Fifteen minutes later, ROV pilots Craig Dawe and D.J. Osborne Jr. use the radar to steer the Ventana probe to areas that look as if they might contain a metal object. Mr. Dawe thinks he's found it - and he has.

The mechanical arms are guided to grab the metal cylinder of the homer. When Ventana emerges, it is grasping a huge robotic fistful of sea anemones that were attached to the homer.

3:30 p.m. Our day's missions accomplished, we begin heading back to shore. The Point Lobos comes out four times a week carrying different scientists who are taking part in a multitude of projects. All of these researchers and engineers are working together and developing cutting-edge technologies to help solve the mysteries of the deep sea.

For more information, see www.mbari.org.

Flashes of brilliance deep in the ocean

Below 200 meters in the ocean, light all but disappears. But there are flashes of brilliance in the dark. Many sea creatures that live at this depth are bioluminescent, which means they make their own light.

With their blinking blue and green lights, many of these gelatinous (jellylike) creatures in the deep ocean look more like spaceships than animals. "When you see one, they really are more bizarre than science fiction could come up with," says Steve Haddock, marine biologist at the Monterey Bay Aquarium Research Institute (MBARI).

These animals can glow when they are disturbed.

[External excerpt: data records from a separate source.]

definition is_VB_groupoid :: "('g, 'm) groupoid \<Rightarrow> ('g, 'm, 'v::real_vector, 'w::real_vector) vbdata \<Rightarrow> bool" where
  "is_VB_groupoid G V \<longleftrightarrow> is_groupoid G \<and>
    \<comment> \<open>vector bundles Gamma -> G and H -> M (fiberwise)\<close>
    (\<forall>g. fin_dim_subspace (fib V g)) \<and> (\<forall>m. fin_dim_subspace (hfib V m)) \<and>
    \<comment> \<open>structure maps are fiberwise linear maps covering those of G\<close>
    (\<forall>g. vsrc V g ` fib V g \<subseteq> hfib V (gsrc G g) \<and> lin_on (fib V g) (vsrc V g)) \<and>
    (\<forall>g. vtgt V g ` fib V g \<subseteq> hfib V (gtgt G g) \<and> lin_on (fib V g) (vtgt V g)) \<and>
    (\<forall>m. vunit V m ` hfib V m \<subseteq> fib V (gunit G m) \<and> lin_on (hfib V m) (vunit V m)) \<and>
    (\<forall>g. vinv V g ` fib V g \<subseteq> fib V (ginv G g) \<and> lin_on (fib V g) (vinv V g)) \<and>
    (\<forall>g h x y. vcomp G V g h x y \<longrightarrow> vmult V g h x y \<in> fib V (gmult G g h)) \<and>
    (\<forall>g h x y x' y'. vcomp G V g h x y \<longrightarrow> vcomp G V g h x' y' \<longrightarrow>
        vmult V g h (x + x') (y + y') = vmult V g h x y + vmult V g h x' y') \<and>
    (\<forall>g h x y a. vcomp G V g h x y \<longrightarrow>
        vmult V g h (a *\<^sub>R x) (a *\<^sub>R y) = a *\<^sub>R vmult V g h x y) \<and>
    \<comment> \<open>the source map Gamma -> H is fiberwise surjective (Gamma -> G xM H onto)\<close>
    (\<forall>g. vsrc V g ` fib V g = hfib V (gsrc G g)) \<and>
    \<comment> \<open>groupoid axioms of Gamma over H\<close>
    (\<forall>g h x y. vcomp G V g h x y \<longrightarrow>
        vsrc V (gmult G g h) (vmult V g h x y) = vsrc V h y \<and>
        vtgt V (gmult G g h) (vmult V g h x y) = vtgt V g x) \<and>
    (\<forall>g h k x y z. vcomp G V g h x y \<longrightarrow> vcomp G V h k y z \<longrightarrow>
        vmult V (gmult G g h) k (vmult V g h x y) z = vmult V g (gmult G h k) x (vmult V h k y z)) \<and>
    (\<forall>m a. a \<in> hfib V m \<longrightarrow>
        vsrc V (gunit G m) (vunit V m a) = a \<and> vtgt V (gunit G m) (vunit V m a) = a) \<and>
    (\<forall>g x. x \<in> fib V g \<longrightarrow>
        vmult V (gunit G (gtgt G g)) g (vunit V (gtgt G g) (vtgt V g x)) x = x \<and>
        vmult V g (gunit G (gsrc G g)) x (vunit V (gsrc G g) (vsrc V g x)) = x) \<and>
    (\<forall>g x. x \<in> fib V g \<longrightarrow>
        vsrc V (ginv G g) (vinv V g x) = vtgt V g x \<and>
        vtgt V (ginv G g) (vinv V g x) = vsrc V g x \<and>
        vmult V (ginv G g) g (vinv V g x) x = vunit V (gsrc G g) (vsrc V g x) \<and>
        vmult V g (ginv G g) x (vinv V g x) = vunit V (gtgt G g) (vtgt V g x))"
lemma x_Ints:
  assumes P_add: "\<forall>p\<in>P. \<forall>q\<in>P. p + q \<in> P" and P_0: "0 \<notin> P"
    and supp_g: "\<forall>m<n. \<forall>k<n. supp (g m k) \<subseteq> P"
    and no_fraction: "\<And>k t. k < n \<Longrightarrow> real_of_int (M k) * x k t \<in> \<int> \<Longrightarrow> x k t \<in> \<int>"
    and k: "k < n"
  shows "x k t \<in> \<int>"
proof -
  let ?N = "{(t, k). k < n \<and> x k t \<notin> \<int>}"
  let ?d = "\<lambda>(t, k). dist_int (x k t)"
  define M_max where "M_max = Max (M ` {..<n})"
  have M_le: "M k \<le> M_max" if "k < n" for k unfolding M_max_def using that by (intro Max_ge) auto
  have "0 < M 0" by (rule M_pos[OF n_pos])
  hence M_max_pos: "M_max > 0" using M_le[OF n_pos] by linarith
  have "?N = {}"
  proof (rule empty_if_subsemigroup_descent[OF P_add P_0, where pos=fst and d="?d"
        and eps="1 / (2 * real_of_int M_max)"])
    show "?d p > 0" if "p \<in> ?N" for p using that by (auto simp: dist_int_pos_iff)
    show "finite {p \<in> ?N. c \<le> ?d p}" if c: "c > 0" for c
    proof (rule finite_subset)
      show "{p \<in> ?N. c \<le> ?d p} \<subseteq> (\<Union>k<n. {t. c \<le> \<bar>x k t\<bar>} \<times> {k})"
        using dist_int_le_abs order_trans by fastforce
      show "finite (\<Union>k<n. {t. c \<le> \<bar>x k t\<bar>} \<times> {k})"
        using finite_level_set_x[OF c] by blast
    qed
    show "1 / (2 * real_of_int M_max) > 0" using M_max_pos by simp
    show "\<exists>p'\<in>?N. (\<exists>s\<in>P. fst p' = fst p - s) \<and>
        (?d p \<le> 1 / (2 * real_of_int M_max) \<longrightarrow> ?d p \<le> ?d p')" if p: "p \<in> ?N" for p
    proof -
      obtain t k where p_eq: "p = (t, k)" and k: "k < n" and not_int: "x k t \<notin> \<int>"
        using p by auto
      obtain m s where m: "m < n" and s: "s \<in> supp (g m k)" and not_int': "x m (t - s) \<notin> \<int>"
        and closer: "dist_int (x k t) \<le> 1 / (2 * real_of_int (M k)) \<longrightarrow> dist_int (x k t) \<le> dist_int (x m (t - s))"
        using exists_predecessor_not_Ints[OF k] no_fraction[OF k] not_int by blast
      have "1 / (2 * real_of_int M_max) \<le> 1 / (2 * real_of_int (M k))"
        using M_le[OF k] M_pos[OF k] by (simp add: frac_le)
      moreover have "s \<in> P" using supp_g m k s by blast
      ultimately show ?thesis
        using m not_int' closer by (intro bexI[of _ "(t - s, m)"]) (auto simp: p_eq)
    qed
  qed
  thus ?thesis using k by auto
qed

They range from radiolarions, creatures that are just a few millimeters wide, to siphonophores, which are related to jellyfish and can grow up to 40 meters. The glowing is like a "kind of a message - don't mess with me," says Dr. Haddock.

Blue-green light is the most common. That is because these colors have a long wavelength in water and are easily spotted by sea creatures.

Some deep-sea animals use the lights for other purposes. Angler fish, for instance, have what looks like a tiny glowing worm held on a miniature fishing pole attached to their heads. It is in just the right place to attract tasty little fish.

The dragonfish has night vision. It uses red light to see into the darkness. Other creatures nearby normally do not see the dragonfish coming because most fish cannot see red light (the wavelength is too short).

But Haddock's team - Dr. Casey Dunn of Yale University, Dr. Philip Pugh of the National Oceanography Centre in Britain, and Christine Schnitzler of MBARI - recently found a siphonophore that broke all the rules. Discovered at 1,600 meters, it had red lights and seemed to be using flickers of its light as a lure for smaller prey.

This discovery has led to more questions. Can some deep-sea fish see red light? Do more bioluminescent creatures use red light than previously thought? Marine biologists are seeing deep-sea life in a new light.